WHAT YOU WILL DO: Each line of the data below from the one holding "(* Let $n\geqslant2$." to the one holding "M_2 and M_3", inclusive, is to be reproduced exactly; no other line belongs in the answer.

PROVIDED RECORDS:
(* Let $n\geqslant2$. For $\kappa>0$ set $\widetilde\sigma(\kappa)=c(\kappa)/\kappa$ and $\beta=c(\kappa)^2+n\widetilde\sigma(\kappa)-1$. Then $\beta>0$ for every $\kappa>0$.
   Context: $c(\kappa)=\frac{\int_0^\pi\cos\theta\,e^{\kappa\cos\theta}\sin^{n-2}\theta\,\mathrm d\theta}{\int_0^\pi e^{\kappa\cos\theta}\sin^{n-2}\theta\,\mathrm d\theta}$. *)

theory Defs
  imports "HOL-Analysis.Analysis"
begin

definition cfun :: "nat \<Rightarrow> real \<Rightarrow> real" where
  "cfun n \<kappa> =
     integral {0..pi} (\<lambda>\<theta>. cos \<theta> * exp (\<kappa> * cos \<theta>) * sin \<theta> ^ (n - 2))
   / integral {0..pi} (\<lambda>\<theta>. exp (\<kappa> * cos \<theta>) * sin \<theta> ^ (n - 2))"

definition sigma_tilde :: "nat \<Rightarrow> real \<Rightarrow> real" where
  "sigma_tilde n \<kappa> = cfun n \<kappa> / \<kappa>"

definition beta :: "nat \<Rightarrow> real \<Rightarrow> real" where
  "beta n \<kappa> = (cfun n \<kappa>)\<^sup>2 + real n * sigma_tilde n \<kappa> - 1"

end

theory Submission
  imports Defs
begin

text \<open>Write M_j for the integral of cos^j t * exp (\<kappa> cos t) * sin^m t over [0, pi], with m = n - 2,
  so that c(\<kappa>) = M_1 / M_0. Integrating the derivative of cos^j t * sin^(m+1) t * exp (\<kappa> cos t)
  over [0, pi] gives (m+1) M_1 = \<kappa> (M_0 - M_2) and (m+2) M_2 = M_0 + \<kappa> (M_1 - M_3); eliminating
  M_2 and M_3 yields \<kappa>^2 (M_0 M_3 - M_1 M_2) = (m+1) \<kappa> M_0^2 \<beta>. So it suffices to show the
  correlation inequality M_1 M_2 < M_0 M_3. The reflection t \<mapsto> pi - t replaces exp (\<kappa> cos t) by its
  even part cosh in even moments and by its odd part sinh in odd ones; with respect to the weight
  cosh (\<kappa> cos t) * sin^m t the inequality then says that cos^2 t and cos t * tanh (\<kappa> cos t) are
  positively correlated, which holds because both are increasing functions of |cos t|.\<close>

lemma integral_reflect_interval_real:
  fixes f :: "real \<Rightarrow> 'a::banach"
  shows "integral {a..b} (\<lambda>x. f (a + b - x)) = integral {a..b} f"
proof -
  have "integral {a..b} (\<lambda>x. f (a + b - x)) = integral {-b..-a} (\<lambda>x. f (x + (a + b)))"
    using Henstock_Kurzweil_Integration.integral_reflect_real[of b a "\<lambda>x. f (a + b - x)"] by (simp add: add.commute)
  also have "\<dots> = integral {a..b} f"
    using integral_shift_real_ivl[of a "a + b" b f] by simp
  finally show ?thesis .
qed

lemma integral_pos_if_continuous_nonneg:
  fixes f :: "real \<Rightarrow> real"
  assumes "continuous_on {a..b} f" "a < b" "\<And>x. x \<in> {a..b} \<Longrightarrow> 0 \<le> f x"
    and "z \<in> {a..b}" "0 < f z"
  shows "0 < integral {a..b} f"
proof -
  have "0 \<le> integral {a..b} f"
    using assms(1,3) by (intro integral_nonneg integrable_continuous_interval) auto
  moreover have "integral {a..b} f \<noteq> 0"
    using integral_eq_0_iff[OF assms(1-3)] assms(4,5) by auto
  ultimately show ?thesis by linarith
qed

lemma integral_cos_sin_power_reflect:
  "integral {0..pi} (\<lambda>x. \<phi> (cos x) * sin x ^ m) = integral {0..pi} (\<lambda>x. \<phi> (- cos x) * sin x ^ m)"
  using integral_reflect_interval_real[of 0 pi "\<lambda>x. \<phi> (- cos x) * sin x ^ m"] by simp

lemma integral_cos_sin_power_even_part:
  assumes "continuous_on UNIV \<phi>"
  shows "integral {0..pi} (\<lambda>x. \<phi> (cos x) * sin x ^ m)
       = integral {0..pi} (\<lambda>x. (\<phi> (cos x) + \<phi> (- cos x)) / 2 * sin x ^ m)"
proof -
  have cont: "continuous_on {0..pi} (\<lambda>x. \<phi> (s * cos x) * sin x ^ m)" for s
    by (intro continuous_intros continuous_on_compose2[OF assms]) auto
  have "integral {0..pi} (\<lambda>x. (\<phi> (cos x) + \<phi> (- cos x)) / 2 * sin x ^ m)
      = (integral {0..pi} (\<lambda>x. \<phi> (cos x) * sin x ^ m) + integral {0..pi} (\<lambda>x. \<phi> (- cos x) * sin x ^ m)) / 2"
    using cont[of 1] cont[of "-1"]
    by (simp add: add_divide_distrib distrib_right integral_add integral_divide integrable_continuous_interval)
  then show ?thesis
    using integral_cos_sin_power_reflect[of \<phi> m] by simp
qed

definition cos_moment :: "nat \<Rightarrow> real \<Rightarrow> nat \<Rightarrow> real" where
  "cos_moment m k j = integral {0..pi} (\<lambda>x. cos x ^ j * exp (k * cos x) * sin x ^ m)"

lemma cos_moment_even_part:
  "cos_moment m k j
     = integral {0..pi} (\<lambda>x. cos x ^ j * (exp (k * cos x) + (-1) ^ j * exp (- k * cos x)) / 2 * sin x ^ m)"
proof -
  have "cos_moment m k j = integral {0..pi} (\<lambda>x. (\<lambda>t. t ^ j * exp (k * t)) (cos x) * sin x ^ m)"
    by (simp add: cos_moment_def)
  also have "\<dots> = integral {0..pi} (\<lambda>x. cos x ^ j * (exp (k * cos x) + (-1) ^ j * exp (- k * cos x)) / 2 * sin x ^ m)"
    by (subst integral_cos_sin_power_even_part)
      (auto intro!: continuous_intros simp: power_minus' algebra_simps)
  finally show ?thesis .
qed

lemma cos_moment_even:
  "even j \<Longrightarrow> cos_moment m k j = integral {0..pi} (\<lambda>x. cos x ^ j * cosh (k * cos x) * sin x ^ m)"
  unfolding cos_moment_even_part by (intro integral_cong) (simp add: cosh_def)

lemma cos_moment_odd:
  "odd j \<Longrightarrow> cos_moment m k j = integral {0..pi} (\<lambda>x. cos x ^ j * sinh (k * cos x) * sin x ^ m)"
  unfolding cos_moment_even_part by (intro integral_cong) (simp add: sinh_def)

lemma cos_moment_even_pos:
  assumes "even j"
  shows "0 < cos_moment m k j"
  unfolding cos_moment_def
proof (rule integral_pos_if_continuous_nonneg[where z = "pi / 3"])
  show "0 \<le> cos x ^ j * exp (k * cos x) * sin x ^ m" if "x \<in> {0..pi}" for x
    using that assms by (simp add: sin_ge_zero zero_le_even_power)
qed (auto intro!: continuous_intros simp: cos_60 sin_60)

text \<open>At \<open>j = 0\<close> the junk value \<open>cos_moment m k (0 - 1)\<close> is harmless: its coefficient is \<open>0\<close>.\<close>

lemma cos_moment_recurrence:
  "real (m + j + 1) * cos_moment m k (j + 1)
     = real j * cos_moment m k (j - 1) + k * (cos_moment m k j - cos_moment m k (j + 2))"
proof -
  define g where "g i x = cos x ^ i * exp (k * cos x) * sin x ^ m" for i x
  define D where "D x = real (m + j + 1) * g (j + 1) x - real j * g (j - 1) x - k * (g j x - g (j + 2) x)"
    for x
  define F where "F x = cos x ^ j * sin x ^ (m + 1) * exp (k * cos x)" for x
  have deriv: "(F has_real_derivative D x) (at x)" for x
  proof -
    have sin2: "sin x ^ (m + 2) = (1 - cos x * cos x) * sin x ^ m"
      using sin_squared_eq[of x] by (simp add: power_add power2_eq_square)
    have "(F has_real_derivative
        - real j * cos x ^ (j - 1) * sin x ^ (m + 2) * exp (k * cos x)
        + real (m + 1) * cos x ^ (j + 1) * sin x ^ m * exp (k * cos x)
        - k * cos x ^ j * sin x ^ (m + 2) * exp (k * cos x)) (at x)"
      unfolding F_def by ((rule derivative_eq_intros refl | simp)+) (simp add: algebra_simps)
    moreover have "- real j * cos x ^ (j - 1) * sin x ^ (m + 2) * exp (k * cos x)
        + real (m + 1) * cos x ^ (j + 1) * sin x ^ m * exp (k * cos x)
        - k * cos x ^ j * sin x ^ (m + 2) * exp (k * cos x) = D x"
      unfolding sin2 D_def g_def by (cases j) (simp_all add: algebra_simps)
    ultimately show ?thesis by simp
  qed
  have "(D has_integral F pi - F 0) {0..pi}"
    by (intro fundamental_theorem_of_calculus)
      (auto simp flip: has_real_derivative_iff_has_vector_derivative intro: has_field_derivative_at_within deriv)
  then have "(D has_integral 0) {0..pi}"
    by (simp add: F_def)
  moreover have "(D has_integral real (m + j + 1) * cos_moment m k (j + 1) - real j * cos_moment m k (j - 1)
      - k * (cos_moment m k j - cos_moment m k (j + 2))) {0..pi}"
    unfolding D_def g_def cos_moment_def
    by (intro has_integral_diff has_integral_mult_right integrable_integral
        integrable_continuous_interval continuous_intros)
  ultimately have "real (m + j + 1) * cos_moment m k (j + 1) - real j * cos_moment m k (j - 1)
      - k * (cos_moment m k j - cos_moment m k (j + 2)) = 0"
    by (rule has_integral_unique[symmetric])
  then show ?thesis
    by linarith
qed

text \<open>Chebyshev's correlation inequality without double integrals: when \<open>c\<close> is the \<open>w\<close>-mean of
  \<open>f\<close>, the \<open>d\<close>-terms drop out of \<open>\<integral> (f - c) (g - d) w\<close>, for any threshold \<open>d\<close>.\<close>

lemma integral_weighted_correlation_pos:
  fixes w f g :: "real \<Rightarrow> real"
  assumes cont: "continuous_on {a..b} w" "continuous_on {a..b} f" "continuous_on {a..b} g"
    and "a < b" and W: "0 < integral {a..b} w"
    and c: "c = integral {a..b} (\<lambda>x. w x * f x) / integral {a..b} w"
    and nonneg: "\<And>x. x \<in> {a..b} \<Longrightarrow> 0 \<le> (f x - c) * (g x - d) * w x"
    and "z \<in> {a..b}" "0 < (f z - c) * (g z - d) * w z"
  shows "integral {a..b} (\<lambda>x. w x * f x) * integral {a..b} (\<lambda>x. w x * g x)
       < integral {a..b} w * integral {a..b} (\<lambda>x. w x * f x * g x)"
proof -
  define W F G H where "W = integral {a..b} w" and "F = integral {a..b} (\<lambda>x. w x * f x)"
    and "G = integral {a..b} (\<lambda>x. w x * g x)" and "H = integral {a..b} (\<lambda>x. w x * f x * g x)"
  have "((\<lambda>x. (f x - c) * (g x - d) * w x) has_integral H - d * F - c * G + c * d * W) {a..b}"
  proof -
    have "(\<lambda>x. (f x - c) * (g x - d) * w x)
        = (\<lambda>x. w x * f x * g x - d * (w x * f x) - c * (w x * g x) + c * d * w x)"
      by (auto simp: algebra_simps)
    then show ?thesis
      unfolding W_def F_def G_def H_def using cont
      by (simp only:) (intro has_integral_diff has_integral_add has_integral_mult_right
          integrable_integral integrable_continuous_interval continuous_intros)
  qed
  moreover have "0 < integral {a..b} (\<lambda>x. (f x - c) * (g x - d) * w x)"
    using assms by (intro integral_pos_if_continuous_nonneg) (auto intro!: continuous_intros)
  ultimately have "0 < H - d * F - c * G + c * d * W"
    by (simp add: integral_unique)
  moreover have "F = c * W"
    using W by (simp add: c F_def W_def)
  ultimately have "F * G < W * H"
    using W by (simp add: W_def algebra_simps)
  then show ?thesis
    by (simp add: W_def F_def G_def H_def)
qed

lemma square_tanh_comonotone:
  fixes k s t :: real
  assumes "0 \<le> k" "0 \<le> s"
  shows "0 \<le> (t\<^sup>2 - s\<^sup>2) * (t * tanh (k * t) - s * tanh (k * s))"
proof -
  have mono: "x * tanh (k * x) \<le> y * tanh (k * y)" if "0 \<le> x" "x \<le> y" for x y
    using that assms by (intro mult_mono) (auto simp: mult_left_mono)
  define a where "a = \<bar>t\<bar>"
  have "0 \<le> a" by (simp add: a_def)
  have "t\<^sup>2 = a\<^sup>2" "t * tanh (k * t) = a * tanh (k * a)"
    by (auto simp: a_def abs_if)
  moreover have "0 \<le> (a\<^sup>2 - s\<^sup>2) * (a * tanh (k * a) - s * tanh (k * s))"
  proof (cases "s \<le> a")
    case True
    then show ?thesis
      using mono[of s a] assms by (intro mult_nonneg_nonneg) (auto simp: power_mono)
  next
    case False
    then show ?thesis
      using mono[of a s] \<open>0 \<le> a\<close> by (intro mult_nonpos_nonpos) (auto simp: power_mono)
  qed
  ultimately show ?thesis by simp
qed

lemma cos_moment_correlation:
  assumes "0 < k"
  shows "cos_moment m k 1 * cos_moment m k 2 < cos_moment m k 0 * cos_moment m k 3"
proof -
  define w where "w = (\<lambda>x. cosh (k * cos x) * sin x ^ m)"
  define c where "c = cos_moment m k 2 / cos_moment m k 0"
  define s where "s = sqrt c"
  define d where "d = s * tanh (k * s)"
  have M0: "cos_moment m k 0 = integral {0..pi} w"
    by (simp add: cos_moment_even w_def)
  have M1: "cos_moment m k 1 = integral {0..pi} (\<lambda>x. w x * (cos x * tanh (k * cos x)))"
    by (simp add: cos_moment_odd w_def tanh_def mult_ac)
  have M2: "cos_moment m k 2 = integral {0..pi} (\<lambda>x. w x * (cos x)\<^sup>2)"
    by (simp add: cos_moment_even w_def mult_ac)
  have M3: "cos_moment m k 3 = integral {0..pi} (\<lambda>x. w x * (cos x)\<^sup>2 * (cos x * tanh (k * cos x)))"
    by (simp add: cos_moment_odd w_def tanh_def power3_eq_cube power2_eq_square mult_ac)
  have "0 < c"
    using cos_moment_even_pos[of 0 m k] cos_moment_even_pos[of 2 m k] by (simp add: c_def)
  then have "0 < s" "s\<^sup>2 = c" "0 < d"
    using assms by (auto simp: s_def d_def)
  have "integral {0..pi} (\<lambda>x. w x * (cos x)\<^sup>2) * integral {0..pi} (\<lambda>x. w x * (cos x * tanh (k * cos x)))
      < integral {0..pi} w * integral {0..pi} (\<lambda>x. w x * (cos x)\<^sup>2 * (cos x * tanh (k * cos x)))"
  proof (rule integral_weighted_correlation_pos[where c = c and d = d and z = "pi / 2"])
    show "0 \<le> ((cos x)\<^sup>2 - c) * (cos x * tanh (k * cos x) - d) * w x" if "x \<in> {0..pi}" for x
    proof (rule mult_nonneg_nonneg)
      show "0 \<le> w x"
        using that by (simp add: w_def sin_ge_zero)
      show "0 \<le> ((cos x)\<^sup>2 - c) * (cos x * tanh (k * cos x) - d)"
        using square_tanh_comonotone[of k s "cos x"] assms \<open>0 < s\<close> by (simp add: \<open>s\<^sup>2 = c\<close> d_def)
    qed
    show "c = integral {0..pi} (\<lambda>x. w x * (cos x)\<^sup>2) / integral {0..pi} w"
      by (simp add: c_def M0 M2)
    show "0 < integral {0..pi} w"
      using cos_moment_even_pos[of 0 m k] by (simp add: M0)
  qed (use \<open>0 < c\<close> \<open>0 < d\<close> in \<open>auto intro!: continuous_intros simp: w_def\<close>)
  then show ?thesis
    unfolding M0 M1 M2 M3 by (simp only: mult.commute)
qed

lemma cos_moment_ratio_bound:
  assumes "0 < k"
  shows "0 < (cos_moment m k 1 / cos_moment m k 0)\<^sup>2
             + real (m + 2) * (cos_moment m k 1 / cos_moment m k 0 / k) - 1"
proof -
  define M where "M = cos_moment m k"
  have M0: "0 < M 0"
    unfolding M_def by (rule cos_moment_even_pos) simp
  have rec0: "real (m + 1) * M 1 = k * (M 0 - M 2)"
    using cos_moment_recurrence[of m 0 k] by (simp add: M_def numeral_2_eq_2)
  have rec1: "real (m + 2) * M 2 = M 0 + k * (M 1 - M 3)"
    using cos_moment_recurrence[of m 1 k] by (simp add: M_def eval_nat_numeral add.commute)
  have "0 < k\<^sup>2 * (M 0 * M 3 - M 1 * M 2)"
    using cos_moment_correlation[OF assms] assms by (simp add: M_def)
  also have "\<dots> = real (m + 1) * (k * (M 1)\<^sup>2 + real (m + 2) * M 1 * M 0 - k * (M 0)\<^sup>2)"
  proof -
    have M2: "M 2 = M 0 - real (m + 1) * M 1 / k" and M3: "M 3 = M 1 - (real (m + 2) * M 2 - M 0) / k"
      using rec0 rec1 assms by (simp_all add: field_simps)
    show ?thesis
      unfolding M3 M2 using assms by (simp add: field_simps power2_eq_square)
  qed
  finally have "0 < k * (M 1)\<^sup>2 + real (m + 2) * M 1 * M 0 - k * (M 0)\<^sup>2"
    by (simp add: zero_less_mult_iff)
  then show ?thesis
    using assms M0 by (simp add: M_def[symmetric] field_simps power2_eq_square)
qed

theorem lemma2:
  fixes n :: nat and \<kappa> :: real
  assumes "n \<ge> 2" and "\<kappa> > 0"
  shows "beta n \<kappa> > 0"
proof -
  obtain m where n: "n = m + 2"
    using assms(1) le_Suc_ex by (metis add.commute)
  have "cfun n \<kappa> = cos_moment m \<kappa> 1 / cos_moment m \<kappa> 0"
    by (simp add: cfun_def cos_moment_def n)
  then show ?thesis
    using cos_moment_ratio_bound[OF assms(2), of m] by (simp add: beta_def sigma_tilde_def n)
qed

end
==
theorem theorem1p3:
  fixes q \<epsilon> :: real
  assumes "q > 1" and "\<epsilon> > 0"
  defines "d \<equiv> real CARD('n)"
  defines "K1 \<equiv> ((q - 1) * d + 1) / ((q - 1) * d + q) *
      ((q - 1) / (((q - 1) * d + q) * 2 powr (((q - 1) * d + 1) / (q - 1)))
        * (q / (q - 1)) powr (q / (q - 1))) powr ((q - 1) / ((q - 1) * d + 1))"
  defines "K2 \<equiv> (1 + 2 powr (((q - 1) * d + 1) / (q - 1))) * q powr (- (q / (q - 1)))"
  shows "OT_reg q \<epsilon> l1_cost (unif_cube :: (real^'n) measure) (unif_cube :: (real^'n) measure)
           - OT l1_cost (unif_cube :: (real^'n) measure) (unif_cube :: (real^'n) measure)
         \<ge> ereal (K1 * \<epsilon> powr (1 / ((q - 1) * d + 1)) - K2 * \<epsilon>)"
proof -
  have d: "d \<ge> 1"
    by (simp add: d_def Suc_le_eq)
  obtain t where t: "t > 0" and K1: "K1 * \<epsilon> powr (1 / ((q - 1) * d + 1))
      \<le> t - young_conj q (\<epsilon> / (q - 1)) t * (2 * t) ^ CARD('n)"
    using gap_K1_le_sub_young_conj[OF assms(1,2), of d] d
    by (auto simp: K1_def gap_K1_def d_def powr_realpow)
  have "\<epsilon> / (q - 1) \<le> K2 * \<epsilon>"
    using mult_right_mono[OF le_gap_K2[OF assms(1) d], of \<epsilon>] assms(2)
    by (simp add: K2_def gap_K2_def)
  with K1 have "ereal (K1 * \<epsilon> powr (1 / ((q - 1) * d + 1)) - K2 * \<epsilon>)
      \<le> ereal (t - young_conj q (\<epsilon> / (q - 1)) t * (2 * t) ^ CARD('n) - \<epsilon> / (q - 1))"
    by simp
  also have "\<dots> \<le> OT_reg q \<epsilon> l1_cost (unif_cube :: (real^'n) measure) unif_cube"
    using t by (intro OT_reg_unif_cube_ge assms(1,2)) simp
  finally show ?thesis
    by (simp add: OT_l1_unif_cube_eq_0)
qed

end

COMPLETED TASK:
(* Let $n\geqslant2$. For $\kappa>0$ set $\widetilde\sigma(\kappa)=c(\kappa)/\kappa$ and $\beta=c(\kappa)^2+n\widetilde\sigma(\kappa)-1$. Then $\beta>0$ for every $\kappa>0$.
   Context: $c(\kappa)=\frac{\int_0^\pi\cos\theta\,e^{\kappa\cos\theta}\sin^{n-2}\theta\,\mathrm d\theta}{\int_0^\pi e^{\kappa\cos\theta}\sin^{n-2}\theta\,\mathrm d\theta}$. *)

theory Defs
  imports "HOL-Analysis.Analysis"
begin

definition cfun :: "nat \<Rightarrow> real \<Rightarrow> real" where
  "cfun n \<kappa> =
     integral {0..pi} (\<lambda>\<theta>. cos \<theta> * exp (\<kappa> * cos \<theta>) * sin \<theta> ^ (n - 2))
   / integral {0..pi} (\<lambda>\<theta>. exp (\<kappa> * cos \<theta>) * sin \<theta> ^ (n - 2))"

definition sigma_tilde :: "nat \<Rightarrow> real \<Rightarrow> real" where
  "sigma_tilde n \<kappa> = cfun n \<kappa> / \<kappa>"

definition beta :: "nat \<Rightarrow> real \<Rightarrow> real" where
  "beta n \<kappa> = (cfun n \<kappa>)\<^sup>2 + real n * sigma_tilde n \<kappa> - 1"

end

theory Submission
  imports Defs
begin

text \<open>Write M_j for the integral of cos^j t * exp (\<kappa> cos t) * sin^m t over [0, pi], with m = n - 2,
  so that c(\<kappa>) = M_1 / M_0. Integrating the derivative of cos^j t * sin^(m+1) t * exp (\<kappa> cos t)
  over [0, pi] gives (m+1) M_1 = \<kappa> (M_0 - M_2) and (m+2) M_2 = M_0 + \<kappa> (M_1 - M_3); eliminating
  M_2 and M_3 yields \<kappa>^2 (M_0 M_3 - M_1 M_2) = (m+1) \<kappa> M_0^2 \<beta>. So it suffices to show the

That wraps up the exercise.